ABOUT THIS TASK
Give back, word for word, the line that contains "f = (\<lambda>k. ext (n+1) F k p); ph" and all lines after it in the material, through the last; please include only these.

--- START ---

(* Let $f_j(x,t)$ ($0\le j\le n+1$), $\psi_l(x,t)$, $\varphi_m(x,t)$ ($0\le l,m\le n$) be a compatible local solution of the two autonomous systems of ODEs (in $t$ and in $x$) described in the context, where the functions $a,b,c,d$ appearing in them are given by $$a=\frac{\psi_n}{f_{n+1}},\qquad b=-\frac{\varphi_n}{f_{n+1}},\qquad c=2i\left(\frac{\psi_nf_n}{f^2_{n+1}}-\frac{\psi_{n-1}}{f_{n+1}}\right),\qquad d=2i\left(\frac{\varphi_nf_n}{f^2_{n+1}}-\frac{\varphi_{n-1}}{f_{n+1}}\right).$$ Then the functions $a(x,t)$ and $b(x,t)$ are a local, infinitely differentiable in $x$ and $t$, solution of the nonlinear system $$i\dot a+a''+2a^2b=0,\qquad i\dot b-b''-2b^2a=0,$$ where the dot denotes $\partial/\partial t$ and the prime denotes $\partial/\partial x$.
   Context: Fix $n\in\mathbb{N}$. One seeks polynomial-in-$z$ solutions $f(x,t,z)=\sum_{j=0}^{n+1}f_j(x,t)z^j$, $\psi(x,t,z)=\sum_{j=0}^{n}\psi_j(x,t)z^j$, $\varphi(x,t,z)=\sum_{j=0}^{n}\varphi_j(x,t)z^j$ of the linear systems $\dot f=(d+2izb)\psi-(c-2iza)\varphi$, $\dot\psi=-2(c-2iza)f-2i(2z^2-ab)\psi$, $\dot\varphi=2(d+2izb)f+2i(2z^2-ab)\varphi$, and $f'=ib\psi+ia\varphi$, $\psi'=2iaf-2iz\psi$, $\varphi'=2ibf+2iz\varphi$, with dot $=\partial_t$ and prime $=\partial_x$. In terms of coefficients (with the convention $f_j,\psi_l,\varphi_m=0$ for negative indices and for $j>n+1$, $l,m>n$) these become the $t$-system $\dot f_j=d\psi_j-c\varphi_j+2ib\psi_{j-1}+2ia\varphi_{j-1}$ ($0\le j\le n+1$), $\dot\psi_l=-2cf_l+4iaf_{l-1}+2iab\psi_l-4i\psi_{l-2}$ ($0\le l\le n$), $\dot\varphi_m=2df_m+4ibf_{m-1}-2iab\varphi_m+4i\varphi_{m-2}$ ($0\le m\le n$), and the $x$-system $f_j'=ib\psi_j+ia\varphi_j$ ($0\le j\le n+1$), $\psi_l'=2iaf_l-2i\psi_{l-1}$ ($0\le l\le n$), $\varphi_m'=2ibf_m+2i\varphi_{m-1}$ ($0\le m\le n$). Requiring polynomial solutions forces $a,b,c,d$ to be given by the formulas in the claim; substituting them, both systems become closed autonomous ODE systems in the $N+1=3n+2$ unknowns $(f_0,\dots,f_{n+1},\psi_0,\dots,\psi_n,\varphi_0,\dots,\varphi_n)$ with polynomial right-hand sides. The two systems satisfy the Frobenius compatibility conditions, so they admit a common (compatible) local solution. A consequence of the systems is that $f_{n+1}$ is constant in $x$ and $t$. *)

theory Defs
  imports "HOL-Analysis.Analysis"
begin

text \<open>Points of the (x,t)-plane are pairs p = (x,t) :: real \<times> real; all unknowns are
complex valued.  The unknowns f_0..f_{n+1}, psi_0..psi_n, phi_0..phi_n are given as
F, P, Q :: nat \<Rightarrow> real \<times> real \<Rightarrow> complex (only the indices in range matter).\<close>

definition ext :: "nat \<Rightarrow> (nat \<Rightarrow> 'a \<Rightarrow> complex) \<Rightarrow> int \<Rightarrow> 'a \<Rightarrow> complex" where
  "ext N g j p = (if 0 \<le> j \<and> j \<le> int N then g (nat j) p else 0)"

type_synonym field2 = "nat \<Rightarrow> real \<times> real \<Rightarrow> complex"

definition coef_a :: "nat \<Rightarrow> field2 \<Rightarrow> field2 \<Rightarrow> field2 \<Rightarrow> real \<times> real \<Rightarrow> complex" where
  "coef_a n F P Q p = P n p / F (n+1) p"

definition coef_b :: "nat \<Rightarrow> field2 \<Rightarrow> field2 \<Rightarrow> field2 \<Rightarrow> real \<times> real \<Rightarrow> complex" where
  "coef_b n F P Q p = - (Q n p / F (n+1) p)"

definition coef_c :: "nat \<Rightarrow> field2 \<Rightarrow> field2 \<Rightarrow> field2 \<Rightarrow> real \<times> real \<Rightarrow> complex" where
  "coef_c n F P Q p = 2 * \<i> * (P n p * F n p / (F (n+1) p)^2 - ext n P (int n - 1) p / F (n+1) p)"

definition coef_d :: "nat \<Rightarrow> field2 \<Rightarrow> field2 \<Rightarrow> field2 \<Rightarrow> real \<times> real \<Rightarrow> complex" where
  "coef_d n F P Q p = 2 * \<i> * (Q n p * F n p / (F (n+1) p)^2 - ext n Q (int n - 1) p / F (n+1) p)"

definition tF :: "nat \<Rightarrow> field2 \<Rightarrow> field2 \<Rightarrow> field2 \<Rightarrow> nat \<Rightarrow> real \<times> real \<Rightarrow> complex" where
  "tF n F P Q j p =
     (let a = coef_a n F P Q p; b = coef_b n F P Q p; c = coef_c n F P Q p; d = coef_d n F P Q p;
          ps = (\<lambda>k. ext n P k p); ph = (\<lambda>k. ext n Q k p)
      in d * ps (int j) - c * ph (int j) + 2*\<i>*b * ps (int j - 1) + 2*\<i>*a * ph (int j - 1))"

definition tP :: "nat \<Rightarrow> field2 \<Rightarrow> field2 \<Rightarrow> field2 \<Rightarrow> nat \<Rightarrow> real \<times> real \<Rightarrow> complex" where
  "tP n F P Q l p =
     (let a = coef_a n F P Q p; b = coef_b n F P Q p; c = coef_c n F P Q p;
          f = (\<lambda>k. ext (n+1) F k p); ps = (\<lambda>k. ext n P k p)
      in - 2 * c * f (int l) + 4*\<i>*a * f (int l - 1) + 2*\<i>*a*b * ps (int l) - 4*\<i> * ps (int l - 2))"

definition tQ :: "nat \<Rightarrow> field2 \<Rightarrow> field2 \<Rightarrow> field2 \<Rightarrow> nat \<Rightarrow> real \<times> real \<Rightarrow> complex" where
  "tQ n F P Q m p =
     (let a = coef_a n F P Q p; b = coef_b n F P Q p; d = coef_d n F P Q p;
          f = (\<lambda>k. ext (n+1) F k p); ph = (\<lambda>k. ext n Q k p)
      in 2 * d * f (int m) + 4*\<i>*b * f (int m - 1) - 2*\<i>*a*b * ph (int m) + 4*\<i> * ph (int m - 2))"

--- END ---

EXPECTED OUTPUT
          f = (\<lambda>k. ext (n+1) F k p); ph = (\<lambda>k. ext n Q k p)
      in 2 * d * f (int m) + 4*\<i>*b * f (int m - 1) - 2*\<i>*a*b * ph (int m) + 4*\<i> * ph (int m - 2))"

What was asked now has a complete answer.